--- Action item ---
The result should be the lines from the one holding "linearly ordered domain" to the final line of the records, retyped exactly.

Stored data
****************

(* Let $D^p$ be an instance of a PDB schema $\mathcal{D}^p$ that is consistent w.r.t. a set $\mathcal{IC}$ of denial constraints, let $T$ be a set of tuples of $D^p$, and let $H=HG(D^p,\mathcal{IC})$. If either (i) the tuples in $T$ are pairwise disconnected in $H$, or (ii) $Int(T,H)$ is a matryoshka, then $p^{\min}(T)=\max\{0,\sum_{t\in T}p(t)-|T|+1\}$. Otherwise, $\max\{0,\sum_{t\in T}p(t)-|T|+1\}$ is a lower bound for $p^{\min}(T)$.
   Context: A PDB instance $D^p$ is a finite set of tuples, each with a probability $p(t)\in[0,1]$. Possible worlds are subsets of its tuples; an interpretation is a probability distribution $Pr$ on the possible worlds with $\sum_{w\ni t}Pr(w)=p(t)$ for each tuple $t$. Denial constraints are formulas $\forall\vec x.\neg[R_1(\vec x_1)\wedge\dots\wedge R_m(\vec x_m)\wedge\phi]$ with $\phi$ a conjunction of comparisons ($=,\neq,\le,\ge,<,>$) among variables/constants. A model w.r.t. $\mathcal{IC}$ is an interpretation giving probability $0$ to every world violating a constraint of $\mathcal{IC}$; $D^p$ is consistent if a model exists. A conflicting set is a minimal set of tuples such that every world containing it violates $\mathcal{IC}$; the conflict hypergraph $HG(D^p,\mathcal{IC})$ has the tuples as nodes and the conflicting sets as hyperedges. $p^{\min}(T)=\min_{Pr \text{ model}}\sum_{w\supseteq T}Pr(w)$. Two nodes are disconnected if no path (sequence of distinct hyperedges, consecutive ones intersecting, the first containing one node and the last the other) joins them. $Int(T,H)$ denotes the set of intersections of $T$ with the hyperedges of $H$. A set of sets is a matryoshka if it is totally ordered by strict inclusion. *)

theory Defs
  imports Complex_Main
begin

text \<open>A tuple is a relation name together with a list of values; values come from a
  linearly ordered domain (needed for the comparisons of denial constraints).\<close>
type_synonym ('r, 'v) tuple = "'r \<times> 'v list"

datatype ('x, 'v) trm = Var 'x | Const 'v

datatype cop = CEq | CNeq | CLe | CGe | CLt | CGt

fun cmp :: "cop \<Rightarrow> 'v::linorder \<Rightarrow> 'v \<Rightarrow> bool" where
  "cmp CEq a b = (a = b)"
| "cmp CNeq a b = (a \<noteq> b)"
| "cmp CLe a b = (a \<le> b)"
| "cmp CGe a b = (a \<ge> b)"
| "cmp CLt a b = (a < b)"
| "cmp CGt a b = (a > b)"

fun eval_trm :: "('x \<Rightarrow> 'v) \<Rightarrow> ('x, 'v) trm \<Rightarrow> 'v" where
  "eval_trm \<sigma> (Var x) = \<sigma> x"
| "eval_trm \<sigma> (Const c) = c"

text \<open>A denial constraint  forall x. not [R1(x1) and ... and Rm(xm) and phi]:
  a list of relational atoms and a list of comparisons (the conjunction phi).\<close>
record ('r, 'x, 'v) denial =
  atoms :: "('r \<times> ('x, 'v) trm list) list"
  comps :: "(('x, 'v) trm \<times> cop \<times> ('x, 'v) trm) list"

****************

--- Exercise answer ---
  linearly ordered domain (needed for the comparisons of denial constraints).\<close>
type_synonym ('r, 'v) tuple = "'r \<times> 'v list"

datatype ('x, 'v) trm = Var 'x | Const 'v

datatype cop = CEq | CNeq | CLe | CGe | CLt | CGt

fun cmp :: "cop \<Rightarrow> 'v::linorder \<Rightarrow> 'v \<Rightarrow> bool" where
  "cmp CEq a b = (a = b)"
| "cmp CNeq a b = (a \<noteq> b)"
| "cmp CLe a b = (a \<le> b)"
| "cmp CGe a b = (a \<ge> b)"
| "cmp CLt a b = (a < b)"
| "cmp CGt a b = (a > b)"

fun eval_trm :: "('x \<Rightarrow> 'v) \<Rightarrow> ('x, 'v) trm \<Rightarrow> 'v" where
  "eval_trm \<sigma> (Var x) = \<sigma> x"
| "eval_trm \<sigma> (Const c) = c"

text \<open>A denial constraint  forall x. not [R1(x1) and ... and Rm(xm) and phi]:
  a list of relational atoms and a list of comparisons (the conjunction phi).\<close>
record ('r, 'x, 'v) denial =
  atoms :: "('r \<times> ('x, 'v) trm list) list"
  comps :: "(('x, 'v) trm \<times> cop \<times> ('x, 'v) trm) list"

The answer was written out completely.